Among previous studies comparing THA and RHA, Mont et al. [14], in a nonrandomized study published in 2007, noted, after RHA, patients appear to have a near-normal gait performance; however, no preoperative data were given. In 2009, Shrader et al. [19], in another nonrandomized study comparing two groups of seven patients each, found a greater improvement in gait pattern at 3 months after RHA than after THA. Confirming our findings, Lavigne et al. [7], in a randomized, double-blind study involving two groups of 21 patients allocated to receive large-head THA or RHA, found no differences in gait parameters between the groups at 3, 6, and 12 months after surgery. More recently, Petersen et al. [16], in a prospective, randomized study evaluating the gait characteristics of 11 patients with THA and 11 patients with RHA, found no differences in gait parameters between the two patient groups, except for hip abduction moment, which improved more in the patients with THA. This difference was attributed to the less invasive surgical procedure for THA.

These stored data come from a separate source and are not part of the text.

definition T_plane :: "nat \<Rightarrow> 'a::field tri set set \<Rightarrow> bool" where
  "T_plane q B \<longleftrightarrow> (\<exists>\<theta>. \<theta> \<noteq> 0 \<and> B = Pi_theta q \<theta>)"
definition Tphi_plane :: "nat \<Rightarrow> 'a::field tri set set \<Rightarrow> bool" where
  "Tphi_plane q B \<longleftrightarrow> (\<exists>\<theta>. \<theta> \<noteq> 0 \<and> B = phi q ` Pi_theta q \<theta>)"
definition Tphi2_plane :: "nat \<Rightarrow> 'a::field tri set set \<Rightarrow> bool" where
  "Tphi2_plane q B \<longleftrightarrow> (\<exists>\<theta>. \<theta> \<noteq> 0 \<and> B = phi q ` phi q ` Pi_theta q \<theta>)"

definition prime_power :: "nat \<Rightarrow> bool" where
  "prime_power q \<longleftrightarrow> (\<exists>p k. prime p \<and> k \<ge> 1 \<and> q = p ^ k)"

end

theory Submission
  imports Defs "HOL-Number_Theory.Residues" "HOL-Computational_Algebra.Polynomial"
begin

(* Write F x = x ^ q. On coordinate vectors the collineation psi_t of S_T is the diagonal map
   (a, b, c) |-> (t a, F t b, F (F t) c); it commutes with the Frobenius phi, and every member of
   orb(S_T) is the orbit of a single vector v. For such diagonal maps the cross product satisfies
   psi_t u x psi_t w = N(t) psi_(1/t) (u x w), so mu(v) = phi v x phi (phi v) transforms in the same way:
   mu maps the orbit of v onto the orbit of mu(v), and the Type III condition on the orbit becomes
   det (v, phi v, phi (phi v)) = v . mu(v) <> 0. If all coordinates of v are nonzero, its lines are
   the orbit of v' = (1/a, 1/b, 1/c): the map r |-> cls (psi_r v) is (q-1)-to-1, and the points on such
   a line correspond to the q^2 - 1 nonzero elements of the kernel of the trace. Since Pi_theta is the
   orbit of (theta F theta, 1, theta), the orbit of v is a T-, T^phi- or T^phi^2-plane exactly when a
   coordinate of mu(v) vanishes; otherwise mu(v) and mu(v') have nonzero coordinates as well, and
   their orbits are subplanes again. *)

section \<open>The Frobenius map of a field of order \<open>q\<^sup>3\<close>\<close>

lemma finite_field_power_card:
  fixes x :: "'a::{finite,field}"
  shows "x ^ CARD('a) = x"
proof (cases "x = 0")
  case True
  then show ?thesis
    using finite_UNIV_card_ge_0[where ?'a = 'a] by simp
next
  case False
  let ?U = "UNIV - {0::'a}"
  have "bij_betw (\<lambda>y. x * y) ?U ?U"
    using False by (intro bij_betwI[where g = "\<lambda>y. y / x"]) auto
  then have "\<Prod>?U = (\<Prod>y\<in>?U. x * y)"
    using prod.reindex_bij_betw[of "\<lambda>y. x * y" ?U ?U id] by simp
  also have "\<dots> = x ^ card ?U * \<Prod>?U"
    by (simp add: prod.distrib)
  finally have "\<Prod>?U = x ^ card ?U * \<Prod>?U" .
  moreover have "\<Prod>?U \<noteq> 0"
    by simp
  ultimately have "x ^ card ?U = 1"
    by (metis mult_cancel_right1)
  moreover have "CARD('a) = Suc (card ?U)"
    using finite_UNIV_card_ge_0[where ?'a = 'a] by (simp add: card_Diff_singleton)
  ultimately show ?thesis
    by (metis power_Suc mult_1_right)
qed

lemma CHAR_eq_prime_of_card:
  assumes "prime p" and "CARD('a::{finite,field}) = p ^ n"
  shows "CHAR('a) = p"
proof -
  have "prime CHAR('a)"
    by (intro prime_CHAR_semidom finite_imp_CHAR_pos) simp
  moreover have "CHAR('a) dvd p ^ n"
    using CHAR_dvd_CARD[where ?'a = 'a] assms(2) by simp
  ultimately show ?thesis
    using assms(1) prime_dvd_power primes_dvd_imp_eq by blast
qed

lemma card_eq_card_image_mult:
  assumes "finite A" and "\<And>b. b \<in> g ` A \<Longrightarrow> card {x\<in>A. g x = b} = k"
  shows "card A = card (g ` A) * k"
proof -
  have "card A = card (\<Union>b\<in>g ` A. {x\<in>A. g x = b})"
    by (rule arg_cong[where f = card]) auto
  also have "\<dots> = (\<Sum>b\<in>g ` A. card {x\<in>A. g x = b})"
    using assms(1) by (intro card_UN_disjoint) auto
  also have "\<dots> = card (g ` A) * k"
    using assms(2) by simp
  finally show ?thesis .
qed

lemma card_UNIV_additive:
  fixes h :: "'a::{finite,ab_group_add} \<Rightarrow> 'b::ab_group_add"
  assumes h_add: "\<And>x y. h (x + y) = h x + h y"
  shows "CARD('a) = card (range h) * card {x. h x = 0}"
proof (rule card_eq_card_image_mult)
  fix b
  assume "b \<in> range h"
  then obtain y where y: "h y = b"
    by auto
  have h_diff: "h (x - y) = h x - h y" for x y
    using h_add[of "x - y" y] by (simp add: algebra_simps)
  have "{x \<in> UNIV. h x = b} = (+) y ` {x. h x = 0}"
  proof (intro equalityI subsetI)
    fix x
    assume "x \<in> {x \<in> UNIV. h x = b}"
    then have "h (x - y) = 0" and "x = y + (x - y)"
      using y h_diff by auto
    then show "x \<in> (+) y ` {x. h x = 0}"
      by blast
  qed (use y h_add in auto)
  also have "card \<dots> = card {x. h x = 0}"
    by (simp add: card_image)
  finally show "card {x \<in> UNIV. h x = b} = card {x. h x = 0}" .
qed simp

locale cubic_extension =
  fixes q :: nat and F :: "'a::{finite,field} \<Rightarrow> 'a"
  assumes prime_power_q: "prime_power q"
    and card_field: "CARD('a) = q ^ 3"
    and F_def: "F x = x ^ q"
begin

lemma q_ge_2: "q \<ge> 2"
proof -
  obtain p k where "prime p" "k \<ge> 1" "q = p ^ k"
    using prime_power_q unfolding prime_power_def by blast
  then show ?thesis
    using prime_ge_2_nat[of p] self_le_power[of p k] by simp
qed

In our study, no differences among the three groups were found at preoperative assessment or at either 2 or 4 months. On the postoperative evaluations, however, gait parameters improved in comparison with the preoperative conditions in all groups. Significant improvements in spatiotemporal parameters were observed at assessment 4 months after THA. Specifically with regard to the kinematic and kinetic analysis, a significant improvement in all groups was found after 4 months in the maximum hip intrarotation moment and the GRF pattern. The clinical results confirmed the gait findings of the study. Indeed, no differences in either the Harris hip score or the passive hip ROM emerged among the three groups. As compared with the baseline condition, improvements were noted at 2 and 4 months after surgery.

In this patient cohort, we demonstrated by means of gait analysis improvement in gait parameters after THA with 28-, 36-, and ≥ 42-mm bearing couples compared with preoperative values. Our study was randomized, and in it, all patients were treated using the same surgical technique and postoperative rehabilitation protocol, and the same types of prostheses were used by the same surgeons. The three patient groups were homogeneous for age and sex. With the numbers available, our results do not support the primary hypothesis that a larger femoral head diameter will improve gait recovery compared to a smaller one. We suggest our findings could be useful as pilot data for further studies including a larger sample size and longer followup.